7.2 Mechanical Nature of Notch Activation

  • Mechanotransduction Dependency: Notch signalling seems solely dependent on the mechanical aspect of cell interactions.

  • Process of Activation:

    1. Cell-Cell Contact: Cell A expresses Notch, while cell B expresses Delta/Jagged.

    2. Ligand Binding: The ligand binds to the extracellular domain of Notch.

    3. Endocytosis-generated Pulling Force: The ligand-expressing cell undergoes endocytosis of the Notch-ligand complex, creating a mechanical force that:

    • Unfolds the NRR of Notch, exposing a cleavage site for protease action.
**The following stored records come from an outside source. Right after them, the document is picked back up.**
lemma mmrc_risk_eq_debiased_risk:
  assumes "j < d" and "1 \<le> s" and "s < d" and "N > 0"
    and "debias_scale d s (mmrc_G d s eps N) \<noteq> 0"
  shows "mmrc_risk d s eps N j = debiased_risk d s (mmrc_G d s eps N)"
proof -
  define G where "G = mmrc_G d s eps N"
  define T where "T = real (card (ss_outputs d s))"
  define I where "I = PiE {..<N} (\<lambda>_. ss_outputs d s) \<times> {..<N}"
  define w where "w = (\<lambda>(zs, k). mmrc_pi d s eps N j zs k / T ^ N)"
  define pick :: "(nat \<Rightarrow> nat set) \<times> nat \<Rightarrow> nat set" where "pick = (\<lambda>(zs, k). zs k)"
  have "T > 0"
    using assms by (simp add: T_def card_ss_outputs)
  have "(\<Sum>i\<in>I. w i) = (\<Sum>zs\<in>PiE {..<N} (\<lambda>_. ss_outputs d s). \<Sum>k<N. mmrc_pi d s eps N j zs k) / T ^ N"
    by (simp add: I_def w_def sum_divide_distrib flip: sum.cartesian_product)
  also have "\<dots> = 1"
    using assms \<open>T > 0\<close> by (simp add: mmrc_pi_sums T_def card_PiE)
  finally have w_sum: "(\<Sum>i\<in>I. w i) = 1" .
  have "(\<Sum>i\<in>I. w i * of_bool (j \<in> pick i))
      = (\<Sum>(zs, k)\<in>I. mmrc_pi d s eps N j zs k * of_bool (j \<in> zs k) / T ^ N)"
    by (intro sum.cong) (auto simp: w_def pick_def)
  also have "\<dots> = (\<Sum>zs\<in>PiE {..<N} (\<lambda>_. ss_outputs d s).
      \<Sum>k<N. mmrc_pi d s eps N j zs k * of_bool (j \<in> zs k)) / T ^ N"
    by (simp add: I_def sum_divide_distrib del: sum_mult_of_bool_eq flip: sum.cartesian_product)
  also have "\<dots> = G"
    using assms \<open>T > 0\<close> by (simp add: mmrc_expected_cap_mass T_def G_def del: sum_mult_of_bool_eq)
  finally have w_cap: "(\<Sum>i\<in>I. w i * of_bool (j \<in> pick i)) = G" .
  have m_eq: "m_mmrc d s eps N = debias_scale d s G" and b_eq: "b_mmrc d s eps N = debias_offset d s G"
    by (simp_all add: G_def m_mmrc_def b_mmrc_def debias_scale_def debias_offset_def diff_divide_distrib)
  have "mmrc_risk d s eps N j
      = (\<Sum>(zs, k)\<in>I. mmrc_pi d s eps N j zs k * est_loss d (debias_scale d s G) (debias_offset d s G) j (zs k) / T ^ N)"
    by (simp add: mmrc_risk_def m_eq b_eq I_def T_def sum_divide_distrib flip: sum.cartesian_product)
  also have "\<dots> = (\<Sum>i\<in>I. w i * est_loss d (debias_scale d s G) (debias_offset d s G) j (pick i))"
    by (intro sum.cong) (auto simp: w_def pick_def)
  also have "\<dots> = debiased_risk d s G"
    by (rule expected_est_loss_debiased)
      (use assms w_sum w_cap in \<open>auto simp: I_def pick_def G_def PiE_iff finite_PiE finite_ss_outputs\<close>)
  finally show ?thesis
    by (simp add: G_def)
qed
7.3 Proteolytic Cleavages: Turning Contact into a Signal

  • Following NRR opening:

    • S2 Cleavage:

    • Enzyme: ADAM metalloprotease

    • Occurs extracellularly, removing most of Notch ectodomain.

    • S3 Cleavage:

    • Enzyme: γ-secretase

    • Cleavage occurs within the transmembrane domain releasing NICD.

    • Key Point: The receptor becomes the signalling molecule itself.

7.4 Nuclear Signalling and Transcriptional Control

  • NICD Translocation: After entering the nucleus, NICD binds with:

    • CSL (CBF1/RBPJ in mammals)

    • Mastermind-like (MAML) co-activators

  • Function of the Complex: Converts CSL from a repressor to an activator, driving transcription of Notch target genes:

    • Key Target Genes: HES (transcriptional repressors), HEY (inhibit differentiation), NRARP (feedback regulation).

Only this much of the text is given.